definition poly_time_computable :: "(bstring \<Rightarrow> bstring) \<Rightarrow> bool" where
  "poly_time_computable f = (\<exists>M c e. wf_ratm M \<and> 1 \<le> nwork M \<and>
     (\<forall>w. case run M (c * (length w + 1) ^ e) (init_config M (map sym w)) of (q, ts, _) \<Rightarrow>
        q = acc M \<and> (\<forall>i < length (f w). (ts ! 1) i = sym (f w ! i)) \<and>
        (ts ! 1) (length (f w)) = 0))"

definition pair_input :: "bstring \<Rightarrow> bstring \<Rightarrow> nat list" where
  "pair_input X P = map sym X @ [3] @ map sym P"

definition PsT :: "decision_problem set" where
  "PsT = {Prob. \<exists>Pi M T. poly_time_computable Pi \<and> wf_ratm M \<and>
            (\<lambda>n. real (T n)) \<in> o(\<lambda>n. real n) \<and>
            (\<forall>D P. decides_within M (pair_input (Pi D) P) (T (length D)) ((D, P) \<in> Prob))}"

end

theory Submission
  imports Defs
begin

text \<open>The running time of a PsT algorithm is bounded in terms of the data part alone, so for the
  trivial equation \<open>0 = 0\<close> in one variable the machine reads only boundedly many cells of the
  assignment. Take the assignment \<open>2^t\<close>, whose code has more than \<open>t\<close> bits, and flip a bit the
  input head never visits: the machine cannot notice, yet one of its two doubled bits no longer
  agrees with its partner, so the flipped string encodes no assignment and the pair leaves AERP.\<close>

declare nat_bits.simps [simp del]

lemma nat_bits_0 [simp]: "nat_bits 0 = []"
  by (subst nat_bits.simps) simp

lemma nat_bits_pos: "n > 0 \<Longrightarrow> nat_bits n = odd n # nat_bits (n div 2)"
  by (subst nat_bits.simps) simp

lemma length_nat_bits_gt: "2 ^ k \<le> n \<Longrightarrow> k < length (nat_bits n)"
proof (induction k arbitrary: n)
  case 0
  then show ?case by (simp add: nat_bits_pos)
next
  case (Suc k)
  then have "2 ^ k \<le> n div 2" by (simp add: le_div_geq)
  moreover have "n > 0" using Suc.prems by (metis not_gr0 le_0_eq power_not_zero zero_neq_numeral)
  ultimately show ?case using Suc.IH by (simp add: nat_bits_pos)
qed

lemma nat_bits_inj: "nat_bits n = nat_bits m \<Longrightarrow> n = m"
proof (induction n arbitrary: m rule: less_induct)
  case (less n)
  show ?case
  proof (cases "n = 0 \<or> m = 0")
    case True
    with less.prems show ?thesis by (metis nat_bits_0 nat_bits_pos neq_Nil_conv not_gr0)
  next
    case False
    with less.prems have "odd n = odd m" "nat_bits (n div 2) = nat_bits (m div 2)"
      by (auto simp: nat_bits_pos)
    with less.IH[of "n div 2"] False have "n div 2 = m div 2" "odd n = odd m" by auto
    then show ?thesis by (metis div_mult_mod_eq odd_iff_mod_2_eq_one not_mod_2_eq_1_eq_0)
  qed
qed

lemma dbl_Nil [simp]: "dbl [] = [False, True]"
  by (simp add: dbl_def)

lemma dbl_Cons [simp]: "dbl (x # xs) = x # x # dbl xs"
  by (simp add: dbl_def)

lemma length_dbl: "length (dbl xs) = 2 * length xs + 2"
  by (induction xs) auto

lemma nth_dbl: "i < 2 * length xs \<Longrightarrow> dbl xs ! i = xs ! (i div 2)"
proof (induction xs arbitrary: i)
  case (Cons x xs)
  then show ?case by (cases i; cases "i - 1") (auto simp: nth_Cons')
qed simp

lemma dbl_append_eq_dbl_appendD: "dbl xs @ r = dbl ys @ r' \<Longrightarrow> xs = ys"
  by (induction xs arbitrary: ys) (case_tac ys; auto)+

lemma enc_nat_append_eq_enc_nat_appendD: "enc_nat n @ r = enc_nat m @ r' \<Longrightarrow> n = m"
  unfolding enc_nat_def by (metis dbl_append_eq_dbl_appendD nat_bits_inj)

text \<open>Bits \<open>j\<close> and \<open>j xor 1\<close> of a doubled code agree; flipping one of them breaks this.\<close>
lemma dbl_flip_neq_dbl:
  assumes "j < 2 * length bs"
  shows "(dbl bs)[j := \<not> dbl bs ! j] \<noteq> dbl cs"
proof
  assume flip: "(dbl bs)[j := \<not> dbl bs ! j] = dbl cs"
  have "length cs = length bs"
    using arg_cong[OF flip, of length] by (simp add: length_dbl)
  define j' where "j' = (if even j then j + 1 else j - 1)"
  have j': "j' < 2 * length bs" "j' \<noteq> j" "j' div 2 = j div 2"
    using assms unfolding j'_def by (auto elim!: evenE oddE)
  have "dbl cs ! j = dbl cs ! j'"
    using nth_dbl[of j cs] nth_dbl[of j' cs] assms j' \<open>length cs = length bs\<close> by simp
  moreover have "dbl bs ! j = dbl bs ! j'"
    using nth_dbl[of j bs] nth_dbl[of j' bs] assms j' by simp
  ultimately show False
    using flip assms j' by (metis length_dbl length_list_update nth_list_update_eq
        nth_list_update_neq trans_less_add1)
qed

Exercise requirements
All lines from the one with "ultimately show False" to the end of the material above should be copied exactly, both ends included, and nothing else.

Result below
  ultimately show False
    using flip assms j' by (metis length_dbl length_list_update nth_list_update_eq
        nth_list_update_neq trans_less_add1)
qed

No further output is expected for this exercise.